**EXTRACTED RECORDS:**

(* Let $(A,\mathfrak{m})$ be a Cohen–Macaulay local ring of dimension $1$, $L$ a non-free maximal Cohen–Macaulay $A$-module, and $M=\operatorname{Syz}^A_1(L)$. If $x$ is $(A\oplus M\oplus L)$-superficial, then $\mathfrak{m}^{e_0(A)-1}M\subseteq xM$.
   Context: $e_0(A)$ is the multiplicity of $A$. $\operatorname{Syz}^A_1(L)$ is the first syzygy in a minimal free resolution. $x\in\mathfrak{m}$ is superficial for a module $N$ if there is $c>0$ with $(\mathfrak{m}^nN:_Nx)\cap\mathfrak{m}^cN=\mathfrak{m}^{n-1}N$ for all $n>c$. *)

theory Defs
  imports Complex_Main "HOL-Library.Function_Algebras" "HOL-Library.Product_Plus"
          "HOL-Library.Extended_Nat"
begin

text \<open>Commutative algebra over a commutative ring 'a (the whole type is the ring A).
  A module is a carrier set N inside an abelian group type 'm, with a scalar action
  s :: 'a => 'm => 'm (the module axioms are the library locale module s);
  submodules, spans and (in)dependence are the library notions of HOL.Modules.\<close>

definition ideal :: "'a::comm_ring_1 set \<Rightarrow> bool" where
  "ideal I \<longleftrightarrow> module.subspace ((*)) I"

definition prime_ideal :: "'a::comm_ring_1 set \<Rightarrow> bool" where
  "prime_ideal P \<longleftrightarrow> ideal P \<and> P \<noteq> UNIV \<and> (\<forall>a b. a * b \<in> P \<longrightarrow> a \<in> P \<or> b \<in> P)"

definition noetherian_ring :: "'a::comm_ring_1 itself \<Rightarrow> bool" where
  "noetherian_ring _ \<longleftrightarrow>
     (\<forall>I::'a set. ideal I \<longrightarrow> (\<exists>B. finite B \<and> module.span ((*)) B = I))"

definition local_ring :: "'a::comm_ring_1 set \<Rightarrow> bool" where
  "local_ring m \<longleftrightarrow> ideal m \<and> m = {x. \<not> x dvd 1}"

definition krull_dim :: "'a::comm_ring_1 itself \<Rightarrow> enat" where
  "krull_dim _ = Sup {enat n | n. \<exists>P :: nat \<Rightarrow> 'a set.
      (\<forall>i\<le>n. prime_ideal (P i)) \<and> (\<forall>i<n. P i \<subset> P (Suc i))}"

fun ideal_pow :: "'a::comm_ring_1 set \<Rightarrow> nat \<Rightarrow> 'a set" where
  "ideal_pow m 0 = UNIV"
| "ideal_pow m (Suc n) = module.span ((*)) {a * b | a b. a \<in> m \<and> b \<in> ideal_pow m n}"

definition ideal_smult :: "('a::comm_ring_1 \<Rightarrow> 'm::ab_group_add \<Rightarrow> 'm) \<Rightarrow> 'a set \<Rightarrow> 'm set \<Rightarrow> 'm set" where
  "ideal_smult s I N = module.span s {s r v | r v. r \<in> I \<and> v \<in> N}"

definition fin_gen_module :: "('a::comm_ring_1 \<Rightarrow> 'm::ab_group_add \<Rightarrow> 'm) \<Rightarrow> 'm set \<Rightarrow> bool" where
  "fin_gen_module s N \<longleftrightarrow> module.subspace s N \<and> (\<exists>B. finite B \<and> B \<subseteq> N \<and> module.span s B = N)"

definition free_module :: "('a::comm_ring_1 \<Rightarrow> 'm::ab_group_add \<Rightarrow> 'm) \<Rightarrow> 'm set \<Rightarrow> bool" where
  "free_module s N \<longleftrightarrow> (\<exists>B. B \<subseteq> N \<and> \<not> module.dependent s B \<and> module.span s B = N)"

definition regular_seq :: "('a::comm_ring_1 \<Rightarrow> 'm::ab_group_add \<Rightarrow> 'm) \<Rightarrow> 'a set \<Rightarrow> 'm set \<Rightarrow> 'a list \<Rightarrow> bool" where
  "regular_seq s m N xs \<longleftrightarrow> set xs \<subseteq> m \<and>
     (\<forall>i<length xs. \<forall>v\<in>N. s (xs ! i) v \<in> ideal_smult s (set (take i xs)) N
          \<longrightarrow> v \<in> ideal_smult s (set (take i xs)) N) \<and>
     N \<noteq> ideal_smult s (set xs) N"

definition depth :: "('a::comm_ring_1 \<Rightarrow> 'm::ab_group_add \<Rightarrow> 'm) \<Rightarrow> 'a set \<Rightarrow> 'm set \<Rightarrow> enat" where
  "depth s m N = Sup {enat (length xs) | xs. regular_seq s m N xs}"

definition cohen_macaulay_local :: "'a::comm_ring_1 set \<Rightarrow> bool" where
  "cohen_macaulay_local m \<longleftrightarrow> noetherian_ring TYPE('a) \<and> local_ring m \<and>
     depth ((*)) m (UNIV::'a set) = krull_dim TYPE('a)"

definition max_CM_module :: "('a::comm_ring_1 \<Rightarrow> 'm::ab_group_add \<Rightarrow> 'm) \<Rightarrow> 'a set \<Rightarrow> 'm set \<Rightarrow> bool" where
  "max_CM_module s m N \<longleftrightarrow> fin_gen_module s N \<and> depth s m N = krull_dim TYPE('a)"

text \<open>Length of N/K: supremum of lengths of strict chains of submodules from K to N.\<close>
definition module_length :: "('a::comm_ring_1 \<Rightarrow> 'm::ab_group_add \<Rightarrow> 'm) \<Rightarrow> 'm set \<Rightarrow> 'm set \<Rightarrow> enat" where
  "module_length s K N = Sup {enat n | n. \<exists>C :: nat \<Rightarrow> 'm set. C 0 = K \<and> C n = N \<and>
      (\<forall>i\<le>n. module.subspace s (C i)) \<and> (\<forall>i<n. C i \<subset> C (Suc i))}"

definition multiplicity :: "'a::comm_ring_1 set \<Rightarrow> nat" where
  "multiplicity m = (THE e::nat. (\<lambda>n. fact (the_enat (krull_dim TYPE('a)))
       * real (the_enat (module_length ((*)) (ideal_pow m n) (UNIV::'a set)))
       / real n ^ the_enat (krull_dim TYPE('a))) \<longlonglongrightarrow> real e)"

definition superficial :: "('a::comm_ring_1 \<Rightarrow> 'm::ab_group_add \<Rightarrow> 'm) \<Rightarrow> 'a set \<Rightarrow> 'm set \<Rightarrow> 'a \<Rightarrow> bool" where
  "superficial s m N x \<longleftrightarrow> x \<in> m \<and> (\<exists>c>0. \<forall>n>c.
     {v\<in>N. s x v \<in> ideal_smult s (ideal_pow m n) N} \<inter> ideal_smult s (ideal_pow m c) N
       = ideal_smult s (ideal_pow m (n - 1)) N)"

text \<open>Free module A^n realised as functions nat => 'a vanishing outside {..<n}.\<close>
definition free_scale :: "'a::comm_ring_1 \<Rightarrow> (nat \<Rightarrow> 'a) \<Rightarrow> (nat \<Rightarrow> 'a)" where
  "free_scale r u = (\<lambda>i. r * u i)"

definition free_carrier :: "nat \<Rightarrow> (nat \<Rightarrow> 'a::comm_ring_1) set" where
  "free_carrier n = {u. \<forall>i\<ge>n. u i = 0}"

definition minimal_generators :: "('a::comm_ring_1 \<Rightarrow> 'm::ab_group_add \<Rightarrow> 'm) \<Rightarrow> 'm set \<Rightarrow> (nat \<Rightarrow> 'm) \<Rightarrow> nat \<Rightarrow> bool" where
  "minimal_generators s L g n \<longleftrightarrow> (\<forall>i<n. g i \<in> L) \<and> module.span s (g ` {..<n}) = L \<and>
     (\<forall>k h. (\<forall>i<k. h i \<in> L) \<and> module.span s (h ` {..<k}) = L \<longrightarrow> n \<le> k)"

text \<open>First syzygy: kernel of the minimal presentation A^n -> L, e_i |-> g_i.\<close>
definition syzygy1 :: "('a::comm_ring_1 \<Rightarrow> 'm::ab_group_add \<Rightarrow> 'm) \<Rightarrow> (nat \<Rightarrow> 'm) \<Rightarrow> nat \<Rightarrow> (nat \<Rightarrow> 'a) set" where
  "syzygy1 s g n = {u \<in> free_carrier n. (\<Sum>i<n. s (u i) (g i)) = 0}"

definition sum3_scale :: "('a::comm_ring_1 \<Rightarrow> 'b \<Rightarrow> 'b) \<Rightarrow> ('a \<Rightarrow> 'c \<Rightarrow> 'c) \<Rightarrow> 'a \<Rightarrow> 'a \<times> 'b \<times> 'c \<Rightarrow> 'a \<times> 'b \<times> 'c" where
  "sum3_scale s1 s2 r p = (r * fst p, s1 r (fst (snd p)), s2 r (snd (snd p)))"

end

(* Superficiality passes from A + M + L to the summands A and L. Together with a
   nonzerodivisor provided by depth 1 and Krull's intersection theorem, it makes x a
   nonzerodivisor on A and on L. In a one-dimensional local ring some power of m lies in every
   principal ideal generated by a nonzerodivisor, and superficiality gives m^(n+1) : x = m^n for
   large n; hence length(A/m^(n+1)) = length(A/m^n) + length(A/xA), so e_0(A) = length(A/xA),
   and the descending chain xA + m^k forces m^e_0(A) into xA. Finally M lies in m F by
   minimality of the presentation F -> L, so m^(e_0(A)-1) M lies in the intersection of M with
   m^e_0(A) F, which is contained in M \<inter> xF = xM because x is a nonzerodivisor on L = F/M. *)

theory Submission
  imports Defs "HOL-Library.Set_Algebras"
begin

section \<open>Lengths of modules\<close>

definition strict_chain ::
    "('a::comm_ring_1 \<Rightarrow> 'b::ab_group_add \<Rightarrow> 'b) \<Rightarrow> 'b set \<Rightarrow> 'b set \<Rightarrow> nat \<Rightarrow> (nat \<Rightarrow> 'b set) \<Rightarrow> bool"
  where "strict_chain s K N n C \<longleftrightarrow> C 0 = K \<and> C n = N \<and>
           (\<forall>i\<le>n. module.subspace s (C i)) \<and> (\<forall>i<n. C i \<subset> C (Suc i))"

context module
begin

lemma module_length_eq_Sup_strict_chain:
  "module_length scale K N = Sup {enat n | n. \<exists>C. strict_chain scale K N n C}"
  unfolding module_length_def strict_chain_def by simp

lemma strict_chain_mono:
  assumes "strict_chain scale K N n C" "i \<le> j" "j \<le> n"
  shows "C i \<subseteq> C j"
  using assms(2,3)
proof (induction j rule: dec_induct)
  case (step j)
  have "C j \<subset> C (Suc j)" using assms(1) step.prems unfolding strict_chain_def by auto
  then show ?case using step.IH step.prems by auto
qed simp

lemma strict_chain_le_module_length:
  "strict_chain scale K N n C \<Longrightarrow> enat n \<le> module_length scale K N"
  unfolding module_length_eq_Sup_strict_chain by (rule Sup_upper) auto

lemma module_length_le_enatI:
  "(\<And>n C. strict_chain scale K N n C \<Longrightarrow> n \<le> k) \<Longrightarrow> module_length scale K N \<le> enat k"
  unfolding module_length_eq_Sup_strict_chain by (rule Sup_least) auto

lemma strict_chain_exists:
  assumes "subspace P" "subspace N" "P \<subseteq> N"
  obtains n C where "strict_chain scale P N n C"
proof (cases "P = N")
  case True
  then have "strict_chain scale P N 0 (\<lambda>_. P)" using assms unfolding strict_chain_def by auto
  then show ?thesis by (rule that)
next
  case False
  then have "strict_chain scale P N 1 (\<lambda>i. if i = 0 then P else N)"
    using assms unfolding strict_chain_def by auto
  then show ?thesis by (rule that)
qed

lemma module_length_attained:
  assumes "module_length scale K N = enat k" "subspace K" "subspace N" "K \<subseteq> N"
  obtains C where "strict_chain scale K N k C"
proof -
  let ?S = "{n. \<exists>C. strict_chain scale K N n C}"
  have "?S \<subseteq> {..k}" using strict_chain_le_module_length assms(1) by fastforce
  then have fin: "finite ?S" by (rule finite_subset) simp
  have ne: "?S \<noteq> {}" using strict_chain_exists[OF assms(2-4)] by blast
  have "module_length scale K N = Sup (enat ` ?S)"
    unfolding module_length_eq_Sup_strict_chain by (rule arg_cong[where f = Sup]) auto
  also have "\<dots> = Max (enat ` ?S)" unfolding Sup_enat_def using fin ne by auto
  also have "\<dots> \<in> enat ` ?S" using fin ne by (intro Max_in) auto
  finally show ?thesis using assms(1) that by auto
qed

lemma module_length_infinite_long_chain:
  assumes "module_length scale K N = \<infinity>"
  obtains n C where "k \<le> n" "strict_chain scale K N n C"
proof -
  have "\<not> module_length scale K N \<le> enat k" using assms by simp
  then show ?thesis using module_length_le_enatI that by (meson nat_le_linear)
qed

lemma strict_chain_append:
  assumes "strict_chain scale K P a C1" "strict_chain scale P N b C2"
  shows "strict_chain scale K N (a + b) (\<lambda>i. if i \<le> a then C1 i else C2 (i - a))"
  unfolding strict_chain_def
proof (intro conjI allI impI)
  fix i assume i: "i < a + b"
  show "(if i \<le> a then C1 i else C2 (i - a)) \<subset> (if Suc i \<le> a then C1 (Suc i) else C2 (Suc i - a))"
  proof (cases "i < a")
    case False
    then have "i - a < b" "Suc i - a = Suc (i - a)" "C1 a = C2 0"
      using i assms unfolding strict_chain_def by auto
    then show ?thesis using assms False unfolding strict_chain_def by (cases "i = a") auto
  qed (use assms in \<open>auto simp: strict_chain_def\<close>)
qed (use assms in \<open>auto simp: strict_chain_def\<close>)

**ACTION ITEM:** The range runs from the line above containing "(\<forall>i<length xs. \<forall>v\<in>N." to the line containing "depth ((*)) m", inclusive. Restate those lines word for word and no others.

**RESULT OF THE EXERCISE:**
     (\<forall>i<length xs. \<forall>v\<in>N. s (xs ! i) v \<in> ideal_smult s (set (take i xs)) N
          \<longrightarrow> v \<in> ideal_smult s (set (take i xs)) N) \<and>
     N \<noteq> ideal_smult s (set xs) N"

definition depth :: "('a::comm_ring_1 \<Rightarrow> 'm::ab_group_add \<Rightarrow> 'm) \<Rightarrow> 'a set \<Rightarrow> 'm set \<Rightarrow> enat" where
  "depth s m N = Sup {enat (length xs) | xs. regular_seq s m N xs}"

definition cohen_macaulay_local :: "'a::comm_ring_1 set \<Rightarrow> bool" where
  "cohen_macaulay_local m \<longleftrightarrow> noetherian_ring TYPE('a) \<and> local_ring m \<and>
     depth ((*)) m (UNIV::'a set) = krull_dim TYPE('a)"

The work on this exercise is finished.